lemma sum_prefix_weight_linear_extension_lists:
  fixes x :: "nat \<Rightarrow> real"
  assumes "finite S" and "natural_labeling R" and "trans R"
    and comparable: "\<And>i j k. (i, j) \<in> R \<Longrightarrow> (i, k) \<in> R \<Longrightarrow> (j, k) \<in> R \<or> (k, j) \<in> R"
    and "\<forall>i\<in>S. (i, i) \<in> R" and "\<forall>i\<in>S. down_set R i \<subseteq> S" and "\<forall>i\<in>S. x i > 0"
  shows "(\<Sum>zs\<in>linear_extension_lists R S. prefix_weight x zs) =
    (\<Prod>i\<in>S. 1 / sum x (down_set R i))"
  using assms(1,5-7)
proof (induction S rule: finite_remove_induct)
  case empty
  then show ?case by (simp add: linear_extension_lists_empty prefix_weight_def)
next
  case (remove S)
  let ?M = "maximal_elements R S"
  let ?P = "\<lambda>T. \<Prod>i\<in>T. 1 / sum x (down_set R i)"
  have removed: "(\<Sum>ys\<in>linear_extension_lists R (S - {a}). prefix_weight x ys) =
      sum x (down_set R a) * ?P S" if "a \<in> ?M" for a
  proof -
    have "a \<in> S" using that by (simp add: maximal_elements_def)
    have "(\<Sum>ys\<in>linear_extension_lists R (S - {a}). prefix_weight x ys) = ?P (S - {a})"
      using remove.IH[OF \<open>a \<in> S\<close>] down_closed_remove_maximal[OF that remove.prems(2)]
        remove.prems(1,3) by blast
    also have "\<dots> = sum x (down_set R a) * ?P S"
    proof -
      have "sum x (down_set R a) > 0"
        using sum_down_set_pos[OF remove.hyps(1) \<open>a \<in> S\<close>] remove.prems \<open>a \<in> S\<close> by blast
      then show ?thesis
        using prod.remove[OF remove.hyps(1) \<open>a \<in> S\<close>, of "\<lambda>i. 1 / sum x (down_set R i)"] by simp
    qed
    finally show ?thesis .
  qed
  have "sum x S > 0"
    using remove.hyps(1,2) remove.prems(3) by (simp add: sum_pos)
  have "(\<Sum>zs\<in>linear_extension_lists R S. prefix_weight x zs) =
      (\<Sum>a\<in>?M. (\<Sum>ys\<in>linear_extension_lists R (S - {a}). prefix_weight x ys) / sum x S)"
    unfolding sum_linear_extension_lists_by_last[OF remove.hyps(1,2)]
    by (intro sum.cong refl sum_prefix_weight_snoc_maximal)
  also have "\<dots> = (\<Sum>a\<in>?M. sum x (down_set R a)) * ?P S / sum x S"
    by (simp add: removed sum_divide_distrib sum_distrib_right)
  also have "(\<Sum>a\<in>?M. sum x (down_set R a)) = sum x S"
    by (rule sum_over_maximal_down_sets[symmetric])
      (use remove.hyps(1) assms(2,3) comparable remove.prems(1,2) in blast)+
  finally show ?case
    using \<open>sum x S > 0\<close> by simp
qed

lemma rooted_forest_cover_below:
  assumes "rooted_forest n R" and "natural_labeling R" and "strictly_below R i u"
  obtains c where "covered_by R i c" and "(c, u) \<in> R"
proof -
  have order: "partial_order_on {1..n} R"
    using assms(1) by (simp add: rooted_forest_def)
  have "u \<in> {1..n}"
    using assms(3) partial_order_onD(4)[OF order] by (auto simp: strictly_below_def)
  then have "(u, u) \<in> R"
    using partial_order_onD(1)[OF order] by (simp add: refl_on_def)
  define c where "c = (LEAST v. strictly_below R i v \<and> (v, u) \<in> R)"
  have c: "strictly_below R i c \<and> (c, u) \<in> R"
    unfolding c_def by (rule LeastI[of _ u]) (use assms(3) \<open>(u, u) \<in> R\<close> in simp)
  have "\<not> strictly_below R k c" if "strictly_below R i k" for k
  proof
    assume "strictly_below R k c"
    then have "(k, u) \<in> R"
      using c partial_order_onD(2)[OF order] by (auto simp: strictly_below_def dest: transD)
    then have "c \<le> k"
      unfolding c_def using that by (simp add: Least_le)
    with \<open>strictly_below R k c\<close> assms(2) show False
      by (force simp: natural_labeling_def)
  qed
  with c have "covered_by R i c"
    by (auto simp: covered_by_def)
  with c that show ?thesis by blast
qed

lemma rooted_forest_upper_comparable:
  assumes "rooted_forest n R" and "natural_labeling R" and "(i, j) \<in> R" and "(i, k) \<in> R"
  shows "(j, k) \<in> R \<or> (k, j) \<in> R"
  using assms(3,4)
proof (induction "n - i" arbitrary: i rule: less_induct)
  case less
  show ?case
  proof (cases "j = i \<or> k = i")
    case True
    with less.prems show ?thesis by auto
  next
    case False
    with less.prems have "strictly_below R i j" "strictly_below R i k"
      by (auto simp: strictly_below_def)
    then obtain c c' where "covered_by R i c" "(c, j) \<in> R" "covered_by R i c'" "(c', k) \<in> R"
      using rooted_forest_cover_below[OF assms(1,2)] by metis
    moreover have "i \<in> {1..n}" and field: "R \<subseteq> {1..n} \<times> {1..n}"
      using less.prems assms(1) partial_order_onD(4) by (fastforce simp: rooted_forest_def)+
    \<comment> \<open>the unique cover of \<open>i\<close> lies below both \<open>j\<close> and \<open>k\<close> and has a larger label\<close>
    ultimately have "c' = c" and "(c, k) \<in> R"
      using assms(1) unfolding rooted_forest_def by blast+
    moreover have "n - c < n - i"
      using \<open>covered_by R i c\<close> \<open>(c, j) \<in> R\<close> field assms(2)
      by (force simp: covered_by_def natural_labeling_def)
    ultimately show ?thesis
      using less.hyps \<open>covered_by R i c\<close> \<open>(c, j) \<in> R\<close> by blast
  qed
qed

lemma bij_betw_permutes_lists:
  "bij_betw (\<lambda>\<pi>. map \<pi> [1..<Suc n]) {\<pi>. \<pi> permutes {1..n}} {zs. distinct zs \<and> set zs = {1..n}}"
proof (rule bij_betw_byWitness[where f' = "\<lambda>zs k. if k \<in> {1..n} then zs ! (k - 1) else k"])
  show "\<forall>\<pi>\<in>{\<pi>. \<pi> permutes {1..n}}. (\<lambda>k. if k \<in> {1..n} then map \<pi> [1..<Suc n] ! (k - 1) else k) = \<pi>"
    by (auto simp del: upt_Suc simp: permutes_not_in intro!: ext)
  show "\<forall>zs\<in>{zs. distinct zs \<and> set zs = {1..n}}.
      map (\<lambda>k. if k \<in> {1..n} then zs ! (k - 1) else k) [1..<Suc n] = zs"
  proof
    fix zs assume "zs \<in> {zs. distinct zs \<and> set zs = {1..n}}"
    then have "length zs = n"
      using distinct_card by fastforce
    then show "map (\<lambda>k. if k \<in> {1..n} then zs ! (k - 1) else k) [1..<Suc n] = zs"
      by (intro nth_equalityI) (simp_all del: upt_Suc)
  qed
  show "(\<lambda>\<pi>. map \<pi> [1..<Suc n]) ` {\<pi>. \<pi> permutes {1..n}} \<subseteq> {zs. distinct zs \<and> set zs = {1..n}}"
    by (auto simp del: upt_Suc simp: distinct_map permutes_inj_on permutes_image
        atLeastLessThanSuc_atLeastAtMost)
  show "(\<lambda>zs k. if k \<in> {1..n} then zs ! (k - 1) else k) ` {zs. distinct zs \<and> set zs = {1..n}}
      \<subseteq> {\<pi>. \<pi> permutes {1..n}}"
  proof clarify
    fix zs :: "nat list" assume "distinct zs" and "set zs = {1..n}"
    then have "length zs = n"
      using distinct_card by fastforce
    have "bij_betw (\<lambda>k. k - 1) {1..n} {..<n}"
      by (rule bij_betw_byWitness[where f' = Suc]) auto
    moreover have "bij_betw ((!) zs) {..<n} {1..n}"
      using \<open>distinct zs\<close> \<open>set zs = {1..n}\<close> \<open>length zs = n\<close> by (intro bij_betw_nth) auto
    ultimately have "bij_betw ((!) zs \<circ> (\<lambda>k. k - 1)) {1..n} {1..n}"
      by (rule bij_betw_trans)
    then have "bij_betw (\<lambda>k. if k \<in> {1..n} then zs ! (k - 1) else k) {1..n} {1..n}"
      by (rule bij_betw_cong[THEN iffD1, rotated]) simp
    then show "(\<lambda>k. if k \<in> {1..n} then zs ! (k - 1) else k) permutes {1..n}"
      by (rule bij_imp_permutes) auto
  qed
qed

lemma linear_extension_order_iff:
  assumes perm: "\<pi> permutes {1..n}" and field: "R \<subseteq> {1..n} \<times> {1..n}"
  shows "(\<forall>i j. strictly_below R i j \<longrightarrow> inv \<pi> i < inv \<pi> j) \<longleftrightarrow>
    (\<forall>i<n. \<forall>j<n. strictly_below R (\<pi> (Suc i)) (\<pi> (Suc j)) \<longrightarrow> i < j)"
proof
  assume extension: "\<forall>i j. strictly_below R i j \<longrightarrow> inv \<pi> i < inv \<pi> j"
  show "\<forall>i<n. \<forall>j<n. strictly_below R (\<pi> (Suc i)) (\<pi> (Suc j)) \<longrightarrow> i < j"
  proof (intro allI impI)
    fix i j assume "strictly_below R (\<pi> (Suc i)) (\<pi> (Suc j))"
    with extension have "inv \<pi> (\<pi> (Suc i)) < inv \<pi> (\<pi> (Suc j))" by blast
    then show "i < j" by (simp add: permutes_inverses(2)[OF perm])
  qed
next
  assume lists: "\<forall>i<n. \<forall>j<n. strictly_below R (\<pi> (Suc i)) (\<pi> (Suc j)) \<longrightarrow> i < j"
  show "\<forall>i j. strictly_below R i j \<longrightarrow> inv \<pi> i < inv \<pi> j"
  proof (intro allI impI)
    fix a b assume below: "strictly_below R a b"
    then have "a \<in> {1..n}" "b \<in> {1..n}"
      using field by (auto simp: strictly_below_def)
    then have range: "inv \<pi> a \<in> {1..n}" "inv \<pi> b \<in> {1..n}"
      using permutes_in_image[OF permutes_inv[OF perm]] by blast+
    then have "strictly_below R (\<pi> (Suc (inv \<pi> a - 1))) (\<pi> (Suc (inv \<pi> b - 1)))"
      using below by (simp add: permutes_inverses(1)[OF perm])
    moreover have "inv \<pi> a - 1 < n" "inv \<pi> b - 1 < n"
      using range by auto
    ultimately have "inv \<pi> a - 1 < inv \<pi> b - 1"
      using lists by blast
    then show "inv \<pi> a < inv \<pi> b" by linarith
  qed
qed

lemma bij_betw_linear_extensions_lists:
  assumes "R \<subseteq> {1..n} \<times> {1..n}"
  shows "bij_betw (\<lambda>\<pi>. map \<pi> [1..<Suc n]) (linear_extensions n R) (linear_extension_lists R {1..n})"
proof -
  have "bij_betw (\<lambda>\<pi>. map \<pi> [1..<Suc n])
      {\<pi> \<in> {\<pi>. \<pi> permutes {1..n}}. \<forall>i j. strictly_below R i j \<longrightarrow> inv \<pi> i < inv \<pi> j}
      {zs \<in> {zs. distinct zs \<and> set zs = {1..n}}.
        \<forall>i<length zs. \<forall>j<length zs. strictly_below R (zs ! i) (zs ! j) \<longrightarrow> i < j}"
    by (rule bij_betw_Collect[OF bij_betw_permutes_lists])
      (simp del: upt_Suc add: linear_extension_order_iff[OF _ assms])
  then show ?thesis
    unfolding linear_extensions_def linear_extension_lists_def by (simp only: mem_Collect_eq conj_assoc)
qed
lemma word_of_poly_monom_n_mult: "word_of_poly (monom 1 n * F) = word_of_poly F"
proof -
  have "word_of_poly (monom 1 n * F) = word_of_poly (\<Sum>j\<le>degree F. monom (coeff F j) (n + j))"
    by (subst (1) poly_as_sum_of_monoms[symmetric, of F]) (simp add: sum_distrib_left mult_monom)
  also have "\<dots> = word_of_poly (\<Sum>j\<le>degree F. monom (coeff F j) j)"
    by (simp add: word_of_poly_sum word_of_poly_monom)
  finally show ?thesis by (simp add: poly_as_sum_of_monoms)
qed

lemma cyc_cong_iff_word_eq: "cyc_cong F G \<longleftrightarrow> word_of_poly F = word_of_poly G"
proof
  assume "cyc_cong F G"
  then obtain K where "F - G = (monom 1 n - 1) * K" unfolding cyc_cong_def by blast
  then have "F - G = monom 1 n * K - K" by (simp add: algebra_simps)
  then have "word_of_poly (F - G) = (\<lambda>i. 0)"
    by (simp add: word_of_poly_diff word_of_poly_monom_n_mult)
  then have "\<forall>i. word_of_poly F i - word_of_poly G i = 0" unfolding word_of_poly_diff by metis
  then show "word_of_poly F = word_of_poly G" by auto
next
  assume "word_of_poly F = word_of_poly G"
  then show "cyc_cong F G"
    using cyc_cong_poly_of_word[of F] cyc_cong_poly_of_word[of G] cyc_cong_sym cyc_cong_trans by metis
qed

end


context cyclic_words
begin

text \<open>\<open>conj_poly F\<close> is \<open>F (x\<^sup>-\<^sup>1)\<close>, since \<open>x ^ (n - 1)\<close> is the inverse of \<open>x\<close> modulo \<open>x ^ n - 1\<close>.\<close>

definition conj_poly :: "'a::comm_ring_1 poly \<Rightarrow> 'a poly" where
  "conj_poly F = pcompose F (monom 1 (n - 1))"

lemma conj_poly_mult: "conj_poly (F * G) = conj_poly F * conj_poly G"
  unfolding conj_poly_def by (rule pcompose_mult)

lemma conj_poly_add: "conj_poly (F + G) = conj_poly F + conj_poly G"
  unfolding conj_poly_def by (rule pcompose_add)

lemma conj_poly_diff: "conj_poly (F - G) = conj_poly F - conj_poly G"
  unfolding conj_poly_def by (rule pcompose_diff)

lemma conj_poly_1: "conj_poly 1 = 1"
  unfolding conj_poly_def by (rule pcompose_1)

lemma conj_poly_0: "conj_poly 0 = 0"
  unfolding conj_poly_def by simp

lemma conj_poly_const: "conj_poly [:c:] = [:c:]"
  unfolding conj_poly_def by simp

lemma conj_poly_smult: "conj_poly (smult c F) = smult c (conj_poly F)"
  unfolding conj_poly_def by (rule pcompose_smult)

lemma conj_poly_power: "conj_poly (F ^ k) = conj_poly F ^ k"
  by (induct k) (simp_all add: conj_poly_1 conj_poly_mult)

lemma conj_poly_monom: "conj_poly (monom c k) = monom c (k * (n - 1))"
  unfolding conj_poly_def by (rule pcompose_monom_monom)

lemma cyc_cong_pcompose_monom:
  assumes "cyc_cong F G" shows "cyc_cong (pcompose F (monom 1 m)) (pcompose G (monom 1 m))"
proof -
  obtain K where "F - G = (monom 1 n - 1) * K" using assms unfolding cyc_cong_def by blast
  then have "pcompose F (monom 1 m) - pcompose G (monom 1 m)
      = pcompose (monom 1 n - 1) (monom 1 m) * pcompose K (monom 1 m)"
    by (simp only: pcompose_diff [symmetric] pcompose_mult)
  also have "pcompose (monom 1 n - 1) (monom (1::'a) m) = monom 1 n ^ m - 1"
    by (simp add: pcompose_diff pcompose_monom_monom pcompose_1 monom_power mult.commute)
  finally have "pcompose F (monom 1 m) - pcompose G (monom 1 m)
      = (monom 1 n ^ m - 1) * pcompose K (monom 1 m)" .
  moreover have "(monom 1 n - 1) dvd (monom (1::'a) n ^ m - 1)"
    by (metis power_diff_1_eq dvd_triv_left)
  ultimately show ?thesis unfolding cyc_cong_def by simp
qed

lemma cyc_cong_conj_poly: "cyc_cong F G \<Longrightarrow> cyc_cong (conj_poly F) (conj_poly G)"
  unfolding conj_poly_def by (rule cyc_cong_pcompose_monom)

lemma cyc_cong_pcompose_monom_mod:
  assumes "m mod n = m' mod n"
  shows "cyc_cong (pcompose F (monom 1 m)) (pcompose F (monom 1 m'))"
  unfolding pcompose_monom_eq_sum
  by (intro cyc_cong_sum cyc_cong_monom) (metis assms mod_mult_right_eq)

lemma conj_poly_conj_poly: "cyc_cong (conj_poly (conj_poly F)) (F::'a::comm_ring_1 poly)"
proof -
  have "conj_poly (conj_poly F) = pcompose F (monom 1 ((n - 1) * (n - 1)))"
    unfolding conj_poly_def by (simp add: pcompose_assoc[symmetric] pcompose_monom_monom)
  moreover have "cyc_cong (pcompose F (monom 1 ((n - 1) * (n - 1)))) (pcompose F (monom 1 1))"
    using minus_one_squared_mod[OF n_pos] by (rule cyc_cong_pcompose_monom_mod)
  moreover have "pcompose F (monom (1::'a) 1) = F"
    by (simp add: monom_Suc monom_0)
  ultimately show ?thesis by simp
qed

- - - - - - -

> Work to be completed: Your answer should be the exact lines above from the one with "by (simp only: pcompose_diff" through the one with "mod n = m' mod", both included, and nothing besides.

> Your solution:
    by (simp only: pcompose_diff [symmetric] pcompose_mult)
  also have "pcompose (monom 1 n - 1) (monom (1::'a) m) = monom 1 n ^ m - 1"
    by (simp add: pcompose_diff pcompose_monom_monom pcompose_1 monom_power mult.commute)
  finally have "pcompose F (monom 1 m) - pcompose G (monom 1 m)
      = (monom 1 n ^ m - 1) * pcompose K (monom 1 m)" .
  moreover have "(monom 1 n - 1) dvd (monom (1::'a) n ^ m - 1)"
    by (metis power_diff_1_eq dvd_triv_left)
  ultimately show ?thesis unfolding cyc_cong_def by simp
qed

lemma cyc_cong_conj_poly: "cyc_cong F G \<Longrightarrow> cyc_cong (conj_poly F) (conj_poly G)"
  unfolding conj_poly_def by (rule cyc_cong_pcompose_monom)

lemma cyc_cong_pcompose_monom_mod:
  assumes "m mod n = m' mod n"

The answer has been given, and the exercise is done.